在 2008-07-30三的 13:29 +0200,Frédéric Bohé写道: 
> While doing some perf test on flex bg, I tried to run bonnie++ on
> 2.6.27-rc1 + patch queue including your journal credit fix but I had a
> very similar crash. Here are the details, I hope this help :
> 
> kernel 2.6.27-rc1
> patch queue snapshot :
> ext4-patch-queue-25fb9834f3814b3aa567c5af090fba688a86eea9
> 
> With latest e2fsprogs :
> mkfs.ext4 -t ext4dev -b1024 -G256 /dev/sdb1 4G

Looks like a 1k blocksize ext4, I have tested 1k briefly it seems okay
for single test. I will try bonnie myself.
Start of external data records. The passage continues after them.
lemma integral_exp_neg_sq_subordinated:
  fixes Z :: "'w \<Rightarrow> 'a::euclidean_space" and \<zeta> :: "'w \<Rightarrow> real" and W :: "'a \<Rightarrow> real"
  assumes "prob_space M" "\<alpha> > 0"
    and [measurable]: "Z \<in> borel_measurable M" "\<zeta> \<in> borel_measurable M" "W \<in> borel_measurable borel"
    and W_nonneg: "\<And>z. 0 \<le> W (z /\<^sub>R norm z)"
    and \<zeta>_nonneg: "\<And>\<omega>. \<omega> \<in> space M \<Longrightarrow> 0 \<le> \<zeta> \<omega>"
    and indep: "distr M (borel \<Otimes>\<^sub>M borel) (\<lambda>\<omega>. (Z \<omega>, \<zeta> \<omega>)) = distr M borel Z \<Otimes>\<^sub>M distr M borel \<zeta>"
    and laplace: "\<And>s. s \<ge> 0 \<Longrightarrow>
      prob_space.expectation M (\<lambda>\<omega>. exp (- s * \<zeta> \<omega>)) = exp (- (s powr (\<alpha> / 2)))"
    and "t \<ge> 0"
  shows "(\<integral>\<omega>. exp (- t * (W (Z \<omega> /\<^sub>R norm (Z \<omega>)) powr (1 / \<alpha>) * sqrt (2 * \<zeta> \<omega>) * norm (Z \<omega>)) ^ 2) \<partial>M)
    = (\<integral>\<omega>. exp (- ((2 * t) powr (\<alpha> / 2) * norm (Z \<omega>) powr \<alpha> * W (Z \<omega> /\<^sub>R norm (Z \<omega>)))) \<partial>M)"
proof -
  define C where "C z = 2 * t * W (z /\<^sub>R norm z) powr (2 / \<alpha>) * norm z ^ 2" for z
  have [measurable]: "C \<in> borel_measurable borel" unfolding C_def by measurable
  have C_nonneg: "0 \<le> C z" for z unfolding C_def using \<open>t \<ge> 0\<close> by simp
  have C_powr: "C z powr (\<alpha> / 2) = (2 * t) powr (\<alpha> / 2) * norm z powr \<alpha> * W (z /\<^sub>R norm z)" for z
  proof -
    have "(W (z /\<^sub>R norm z) powr (2 / \<alpha>)) powr (\<alpha> / 2) = W (z /\<^sub>R norm z)"
      using \<open>\<alpha> > 0\<close> W_nonneg[of z] by (simp add: powr_powr)
    moreover have "(norm z ^ 2) powr (\<alpha> / 2) = norm z powr \<alpha>"
      by (simp add: powr_powr flip: powr_numeral)
    ultimately show ?thesis
      unfolding C_def using \<open>t \<ge> 0\<close> by (simp add: powr_mult mult_ac)
  qed
  have C_\<zeta>: "t * (W (Z \<omega> /\<^sub>R norm (Z \<omega>)) powr (1 / \<alpha>) * sqrt (2 * \<zeta> \<omega>) * norm (Z \<omega>)) ^ 2
      = C (Z \<omega>) * \<zeta> \<omega>" if "\<omega> \<in> space M" for \<omega>
  proof -
    have "(W (Z \<omega> /\<^sub>R norm (Z \<omega>)) powr (1 / \<alpha>)) ^ 2 = W (Z \<omega> /\<^sub>R norm (Z \<omega>)) powr (2 / \<alpha>)"
      by (simp add: power2_eq_square flip: powr_add)
    then show ?thesis
      unfolding C_def using \<zeta>_nonneg[OF that] by (simp add: power_mult_distrib mult_ac)
  qed
  have "(\<integral>\<omega>. exp (- (C (Z \<omega>) * \<zeta> \<omega>)) \<partial>M) = (\<integral>\<omega>. exp (- (C (Z \<omega>) powr (\<alpha> / 2))) \<partial>M)"
    by (rule integral_exp_neg_mult_indep_eq_laplace[OF \<open>prob_space M\<close> _ _ _ _ \<zeta>_nonneg C_nonneg indep laplace])
      simp_all
  then show ?thesis
    by (simp add: C_powr C_\<zeta> cong: Bochner_Integration.integral_cong)
qed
The stack shows there isn't
enought credit to delete an file.  But the journal credit fix mostly fix
the code path on writepages(), so it should not affact the unlink case.

Is this a regression with this patch or it's a existing issue that this
patch did not fix?

There is one bug Aneesh pointed out today, I will update the patch, but
I don't think this matters to this issue.
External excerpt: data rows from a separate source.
(* For every integer $k\ge7$, $c_{n_k^*}\ge\frac14+\frac{1}{8(n_k^* )^{2/3}-4}$, where $$n_k^*=2k+2\sum_{i=1}^{\lfloor\sqrt{k/2}\rfloor}\left(2\left\lfloor\frac{2k-2i^2-i}{2}\right\rfloor+i\right).$$
   Context: A weighted digraph $D=(V,A,w)$ is a digraph without loops or parallel arcs (opposite arcs allowed) with weights $w:A\to\mathbb{R}_{\ge0}$; $w(D)$ is the total arc weight. For a partition $(X,Y)$ of $V$, $w(X,Y)$ is the total weight of arcs from $X$ to $Y$, and $\mathrm{mac}(D)=\max_{(X,Y)}w(X,Y)$. For an integer $\nu\ge1$, $c_\nu$ is the supremum of reals $c\ge0$ such that every acyclic weighted digraph $D$ whose longest directed path has exactly $\nu$ vertices satisfies $\mathrm{mac}(D)\ge c\cdot w(D)$. *)

theory Defs
  imports Complex_Main
begin

text \<open>No loops; parallel arcs are excluded
automatically since A is a set of ordered pairs; opposite arcs are allowed.\<close>

definition weighted_digraph :: "nat set \<Rightarrow> (nat \<times> nat) set \<Rightarrow> (nat \<times> nat \<Rightarrow> real) \<Rightarrow> bool" where
  "weighted_digraph V A w \<longleftrightarrow> finite V \<and> A \<subseteq> V \<times> V \<and> (\<forall>x. (x, x) \<notin> A)
     \<and> (\<forall>a\<in>A. w a \<ge> 0)"

definition total_weight :: "(nat \<times> nat) set \<Rightarrow> (nat \<times> nat \<Rightarrow> real) \<Rightarrow> real" where
  "total_weight A w = (\<Sum>a\<in>A. w a)"

definition cut_weight :: "(nat \<times> nat) set \<Rightarrow> (nat \<times> nat \<Rightarrow> real) \<Rightarrow> nat set \<Rightarrow> nat set \<Rightarrow> real" where
  "cut_weight A w X Y = (\<Sum>a\<in>A \<inter> (X \<times> Y). w a)"

definition mac :: "nat set \<Rightarrow> (nat \<times> nat) set \<Rightarrow> (nat \<times> nat \<Rightarrow> real) \<Rightarrow> real" where
  "mac V A w = Max ((\<lambda>X. cut_weight A w X (V - X)) ` Pow V)"

definition is_dipath :: "nat set \<Rightarrow> (nat \<times> nat) set \<Rightarrow> nat list \<Rightarrow> bool" where
  "is_dipath V A p \<longleftrightarrow> p \<noteq> [] \<and> set p \<subseteq> V \<and> distinct p
     \<and> (\<forall>i. Suc i < length p \<longrightarrow> (p ! i, p ! Suc i) \<in> A)"

definition longest_path_has :: "nat set \<Rightarrow> (nat \<times> nat) set \<Rightarrow> nat \<Rightarrow> bool" where
  "longest_path_has V A \<nu> \<longleftrightarrow> (\<exists>p. is_dipath V A p \<and> length p = \<nu>)
     \<and> (\<forall>p. is_dipath V A p \<longrightarrow> length p \<le> \<nu>)"

definition c_const :: "nat \<Rightarrow> real" where
  "c_const \<nu> = Sup {c. c \<ge> 0 \<and> (\<forall>V A w. weighted_digraph V A w \<and> acyclic A
      \<and> longest_path_has V A \<nu> \<longrightarrow> mac V A w \<ge> c * total_weight A w)}"

definition nstar :: "nat \<Rightarrow> nat" where
  "nstar k = nat (2 * int k + 2 * (\<Sum>i = 1..nat \<lfloor>sqrt (real k / 2)\<rfloor>.
       2 * ((2 * int k - 2 * int i ^ 2 - int i) div 2) + int i))"

end

theory Submission
  imports Defs "HOL-Library.FuncSet"
begin

(*
  Give every vertex its height, the number of vertices of a longest directed path ending in it.
  Arcs strictly increase heights, which lie in 1..nu, so every set L of levels yields the cut
  (X, V - X) with X the vertices whose level is in L.  If a random L separates every pair of
  levels i < j (i in L, j not in L) with probability at least c, averaging gives mac >= c * w(D).

  For nu = n*_k cut the levels into consecutive blocks of sizes b_s, ..., b_1, 2k, b_1, ..., b_s,
  where s = floor (sqrt (k/2)) and b_i = 2k - 2i^2 - (i mod 2), and pick in each block, independently
  and uniformly, a subset of size (b_i + i)/2 on the left, k in the middle and (b_i - i)/2 on the
  right.  Counting subsets, every pair of levels is then separated with probability at least
  k / (2(2k - 1)) = 1/4 + 1/(8k - 4), and k^3 <= (n*_k)^2 turns this into the stated bound.
*)

lemma is_dipath_nth_trancl:
  assumes "is_dipath V A p" "i < j" "j < length p"
  shows "(p!i, p!j) \<in> A\<^sup>+"
  using assms(2,3)
proof (induction j)
  case 0 then show ?case by simp
next
  case (Suc j)
  have arc: "(p!j, p!Suc j) \<in> A" using assms(1) Suc.prems unfolding is_dipath_def by blast
  show ?case
  proof (cases "i = j")
    case True then show ?thesis using arc by auto
  next
    case False
    then have "(p!i, p!j) \<in> A\<^sup>+" using Suc by auto
    then show ?thesis using arc by (meson trancl_into_trancl)
  qed
qed

lemma is_dipath_snoc:
  assumes p: "is_dipath V A p" and ac: "acyclic A" and arc: "(last p, v) \<in> A" and "v \<in> V"
  shows "is_dipath V A (p @ [v])"
proof -
  have "p \<noteq> []" using p unfolding is_dipath_def by auto
  then have last_nth: "last p = p ! (length p - 1)" by (simp add: last_conv_nth)
  have "v \<notin> set p"
  proof
    assume "v \<in> set p"
    then obtain i where i: "i < length p" "p ! i = v" by (auto simp: in_set_conv_nth)
    have "(v, last p) \<in> A\<^sup>*"
    proof (cases "i = length p - 1")
      case False
      then have "i < length p - 1" using i by linarith
      then have "(p!i, p!(length p - 1)) \<in> A\<^sup>+" using is_dipath_nth_trancl[OF p, of i "length p - 1"] i by simp
      then show ?thesis using i last_nth by simp
    qed (use i last_nth in simp)
    then have "(v, v) \<in> A\<^sup>+" using arc by (meson rtrancl_into_trancl1)
    then show False using ac unfolding acyclic_def by blast
  qed
  moreover have "((p @ [v]) ! i, (p @ [v]) ! Suc i) \<in> A" if "Suc i < length (p @ [v])" for i
  proof (cases "Suc i < length p")
    case True then show ?thesis using p unfolding is_dipath_def by (simp add: nth_append)
  next
    case False
    then have "i = length p - 1" "Suc i = length p" using that by auto
    then show ?thesis using arc last_nth by (simp add: nth_append)
  qed
  ultimately show ?thesis using p \<open>v \<in> V\<close> unfolding is_dipath_def by auto
qed

definition height :: "nat set \<Rightarrow> (nat \<times> nat) set \<Rightarrow> nat \<Rightarrow> nat" where
  "height V A v = Max {length p |p. is_dipath V A p \<and> last p = v}"

context
  fixes V A N v
  assumes bounded: "\<And>p. is_dipath V A p \<Longrightarrow> length p \<le> N" and v: "v \<in> V"
begin

private lemma finite_dipath_lengths: "finite {length p |p. is_dipath V A p \<and> last p = v}"
  by (rule finite_subset[of _ "{..N}"]) (auto dest: bounded)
> mount -t ext4dev /dev/sdb1 /mnt/test
> bonnie++ -u root -s 2g:256 -r 1024 -n 200 -d /mnt/test/
> 
> after a while, it ends up with :
> 
> kernel BUG at fs/jbd2/transaction.c:984!
> invalid opcode: 0000 [#1] SMP 
> Modules linked in: ext4dev jbd2 crc16 kvm_intel kvm megaraid_mbox
> megaraid_mm
> 
> Pid: 13965, comm: bonnie++ Not tainted (2.6.27-rc1 #3)
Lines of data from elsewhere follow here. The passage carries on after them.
lemma gauss_bump_shift_eq_normal_density:
  assumes "r > 0"
  shows "gauss_bump r (x - m) = r * sqrt pi * normal_density m (r / sqrt 2) x"
proof -
  have "2 * pi * (r / sqrt 2)^2 = pi * r^2" "2 * (r / sqrt 2)^2 = r^2"
    by (simp_all add: power_divide)
  moreover have "sqrt (pi * r^2) = sqrt pi * r"
    using assms by (simp add: real_sqrt_mult)
  ultimately show ?thesis
    using assms by (simp add: normal_density_def gauss_bump_def field_simps)
qed

lemma
  assumes "r > 0"
  shows integrable_gauss_bump_shift: "integrable lborel (\<lambda>x. gauss_bump r (x - m))"
    and integral_gauss_bump_shift: "(\<integral>x. gauss_bump r (x - m) \<partial>lborel) = r * sqrt pi"
  using assms by (simp_all add: gauss_bump_shift_eq_normal_density)

lemma has_integral_gauss_bump:
  assumes "r > 0" shows "(gauss_bump r has_integral r * sqrt pi) UNIV"
proof -
  have "integrable lborel (gauss_bump r)" "(\<integral>x. gauss_bump r x \<partial>lborel) = r * sqrt pi"
    using integrable_gauss_bump_shift[OF assms, of 0] integral_gauss_bump_shift[OF assms, of 0] by simp_all
  then show ?thesis
    using has_integral_integral_lborel by metis
qed

lemma integral_gauss_bump_le:
  assumes "r > 0" shows "integral {a..b} (gauss_bump r) \<le> r * sqrt pi"
proof -
  have "integral {a..b} (gauss_bump r) \<le> integral UNIV (gauss_bump r)"
    using has_integral_gauss_bump[OF assms] gauss_bump_pos
    by (intro integral_subset_le integrable_continuous_real continuous_on_gauss_bump)
      (auto simp: has_integral_integrable less_imp_le)
  then show ?thesis
    using integral_unique[OF has_integral_gauss_bump[OF assms]] by simp
qed

lemma sum_int_symmetric_interval:
  "(\<Sum>k = - int N..int N. g k) = (\<Sum>i<2 * N + 1. g (int i - int N))"
proof -
  have "(\<lambda>i. int i - int N) ` {..<2 * N + 1} = {- int N..int N}"
    by (auto intro!: image_eqI[where x = "nat (k + int N)" for k])
  moreover have "inj_on (\<lambda>i. int i - int N) {..<2 * N + 1}"
    by (auto simp: inj_on_def)
  ultimately show ?thesis
    using sum.reindex[of "\<lambda>i. int i - int N" "{..<2 * N + 1}" g] by simp
qed
lemma gext_homothetic:
  assumes "u \<noteq> 0"
  shows "gext (B_ext l1 l2) (u, x * u, th, ps) (a, x * a, c, d) (a', x * a', c', d')
    = homothetic_norm l1 l2 x * a * a' + (x * u)\<^sup>2 * (c * c' + (sin th)\<^sup>2 * d * d')"
  using assms unfolding gext_def B_ext_def homothetic_norm_def by (simp add: algebra_simps)

lemma homothetic_pointsE:
  assumes "p \<in> homothetic_points x"
  obtains u th ps where "p = (u, x * u, th, ps)" "u > 0" "sin th > 0"
  using assms unfolding homothetic_points_def by (auto intro: sin_gt_zero)

lemma homothetic_spacelike:
  assumes x: "x > 0" and p: "p \<in> homothetic_points x" and F: "homothetic_norm l1 l2 x > 0"
  shows "hs_spacelike (gext (B_ext l1 l2)) p (homothetic_tangent x)"
  unfolding hs_spacelike_def
proof (intro ballI impI)
  obtain u th ps where p: "p = (u, x * u, th, ps)" "u > 0" "sin th > 0"
    using p by (rule homothetic_pointsE)
  fix V assume "V \<in> homothetic_tangent x" "V \<noteq> 0"
  then obtain a c d where V: "V = (a, x * a, c, d)" "a \<noteq> 0 \<or> c \<noteq> 0 \<or> d \<noteq> 0"
    by (cases V) (auto simp: homothetic_tangent_def zero_prod_def)
  define Q where "Q = c\<^sup>2 + (sin th * d)\<^sup>2"
  have "gext (B_ext l1 l2) p V V
      = homothetic_norm l1 l2 x * a * a + (x * u)\<^sup>2 * (c * c + (sin th)\<^sup>2 * d * d)"
    using p by (simp add: V gext_homothetic)
  also have "\<dots> = homothetic_norm l1 l2 x * a\<^sup>2 + (x * u)\<^sup>2 * Q"
    by (simp add: Q_def power2_eq_square algebra_simps)
  finally have "gext (B_ext l1 l2) p V V = homothetic_norm l1 l2 x * a\<^sup>2 + (x * u)\<^sup>2 * Q" .
  moreover have "(x * u)\<^sup>2 > 0" "Q \<ge> 0"
    using x p by (simp_all add: Q_def)
  moreover have "a = 0 \<Longrightarrow> Q > 0"
    using V p unfolding Q_def by (auto simp: sum_power2_gt_zero_iff)
  ultimately show "gext (B_ext l1 l2) p V V > 0"
    using F by (cases "a = 0") (auto intro: add_pos_nonneg)
qed

lemma homothetic_null:
  assumes p: "p \<in> homothetic_points x" and F: "homothetic_norm l1 l2 x = 0"
  shows "hs_null (gext (B_ext l1 l2)) p (homothetic_tangent x)"
  unfolding hs_null_def
proof (intro bexI conjI ballI)
  obtain u th ps where p: "p = (u, x * u, th, ps)" "u > 0"
    using p by (rule homothetic_pointsE)
  fix W assume "W \<in> homothetic_tangent x"
  then obtain a' c' d' where "W = (a', x * a', c', d')"
    by (cases W) (auto simp: homothetic_tangent_def)
  then show "gext (B_ext l1 l2) p (1, x * 1, 0, 0) W = 0"
    using p F by (simp add: gext_homothetic del: mult_1_right)
qed (auto simp: homothetic_tangent_def zero_prod_def)

lemma homothetic_timelike:
  assumes x: "x > 0" and p: "p \<in> homothetic_points x" and F: "homothetic_norm l1 l2 x < 0"
  shows "hs_timelike (gext (B_ext l1 l2)) p (homothetic_tangent x)"
proof -
  obtain u th ps where p: "p = (u, x * u, th, ps)" "u > 0" "sin th > 0"
    using p by (rule homothetic_pointsE)
  have g: "gext (B_ext l1 l2) p (a, x * a, c, d) (a', x * a', c', d')
      = homothetic_norm l1 l2 x * a * a' + (x * u)\<^sup>2 * (c * c' + (sin th)\<^sup>2 * d * d')"
    for a c d a' c' d'
    using p by (simp add: gext_homothetic)
  have xu: "x * u \<noteq> 0" using x p by simp
  have "\<not> hs_null (gext (B_ext l1 l2)) p (homothetic_tangent x)"
  proof
    assume "hs_null (gext (B_ext l1 l2)) p (homothetic_tangent x)"
    then obtain a c d where V: "(a, x * a, c, d) \<noteq> 0"
      and orth: "\<And>W. W \<in> homothetic_tangent x \<Longrightarrow> gext (B_ext l1 l2) p (a, x * a, c, d) W = 0"
      unfolding hs_null_def homothetic_tangent_def by auto
    have "a = 0" using orth[of "(1, x * 1, 0, 0)"] F
      unfolding g by (simp add: homothetic_tangent_def)
    moreover have "c = 0" using orth[of "(0, x * 0, 1, 0)"] xu
      unfolding g by (simp add: homothetic_tangent_def)
    moreover have "d = 0" using orth[of "(0, x * 0, 0, 1)"] xu p
      unfolding g by (simp add: homothetic_tangent_def)
    ultimately show False using V by (simp add: zero_prod_def)
  qed
  moreover have "gext (B_ext l1 l2) p (1, x * 1, 0, 0) (1, x * 1, 0, 0) < 0"
    using F unfolding g by simp
  ultimately show ?thesis
    unfolding hs_timelike_def homothetic_tangent_def by blast
qed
> EIP: 0060:[<f8b186a6>] EFLAGS: 00010246 CPU: 4
> EIP is at jbd2_journal_dirty_metadata+0xc6/0xd0 [jbd2]
> EAX: 00000000 EBX: f0acc380 ECX: f0acc380 EDX: f0069f80
> ESI: f3964700 EDI: f5daa1b0 EBP: f6dd7e00 ESP: f5949ebc
>  DS: 007b ES: 007b FS: 00d8 GS: 0033 SS: 0068
> Process bonnie++ (pid: 13965, ti=f5948000 task=f5404ba0
> task.ti=f5948000)
> Stack: f7cb0100 f5daa1b0 f0acc380 f8b8ca12 f8b7ef62 f7cb0000 f68a5d00
> f7cb0100 
>        00000000 f7183e00 f5daa1b0 f8b6a06e 00000040 f8b736db f7cb2134
> f2c94238 
>        0000000b 00000000 00008000 00000000 f0acc380 f7cb0000 f08b2ac0
> f2c942c8 
> Call Trace:
>  [<f8b7ef62>] __ext4_journal_dirty_metadata+0x22/0x60 [ext4dev]
>  [<f8b6a06e>] ext4_free_inode+0x26e/0x2f0 [ext4dev]
>  [<f8b736db>] ext4_orphan_del+0xcb/0x180 [ext4dev]
>  [<f8b6fb3c>] ext4_delete_inode+0x11c/0x140 [ext4dev]
>  [<f8b6fa20>] ext4_delete_inode+0x0/0x140 [ext4dev]
>  [<c018fe6a>] generic_delete_inode+0x5a/0xc0
>  [<c018f4a4>] iput+0x44/0x50
>  [<c0186271>] do_unlinkat+0xd1/0x150
>  [<c017cdd6>] vfs_write+0x106/0x140
>  [<c02aa7b0>] tty_write+0x0/0x1e0
>  [<c017d2d1>] sys_write+0x41/0x70
>  [<c0102fc9>] sysenter_do_call+0x12/0x25
>  =======================
> Code: 55 2c 8d 76 00 74 aa 0f 0b eb fe 0f 0b eb fe 8d b6 00 00 00 00 0f
> 0b eb fe f6 43 02 20 0f 84 5d ff ff ff f3 90 eb f2 0f 0b eb fe <0f> 0b
> eb fe 8d b6 00 00 00 00 55 57 56 53 89 d3 83 ec 10 89 44 
> EIP: [<f8b186a6>] jbd2_journal_dirty_metadata+0xc6/0xd0 [jbd2] SS:ESP
> 0068:f5949ebc
> 
> 
> Fred
> 
> 
> 
> Le mardi 29 juillet 2008 à 18:58 -0700, Mingming Cao a écrit :
> > Ext4: journal credits reservation fixes for DIO, fallocate and delalloc writepages
> > 
> > From: Mingming Cao <cmm@...ibm.com>
> > 
> > With delalloc, at writepages() time, we need to reserve enough credits to start
> > a new handle, to allow possible multiple segment of block allocations under a
> > single call mapge_da_writepages(), to fit metadata updates into the single
> > transaction. This patch fixed this by calculating the needed credits for
> > write-out given number of dirty pages, with the consideration of discontinues
> > block allocations. It fixed both extent files and non extent files.
> > 
> > This patch also fixed the journal credit reservation for DIO. Currently the
> > estimated credits for DIO is only based on non extent format file. That credit
> > is not enough for mballoc a single extent on extent based file. This patch
> > fixed that.
> > 
> > The fallocate double booking credits for modifying super block etc, this patch
> > fixed that.
> > 
> > This also fix credit reservation in migration and defrag code.
> > 
> > 
> > Changes since v2:
> > 
> > 1) fix  writepages() inefficency issue. sync() will invoke writepages()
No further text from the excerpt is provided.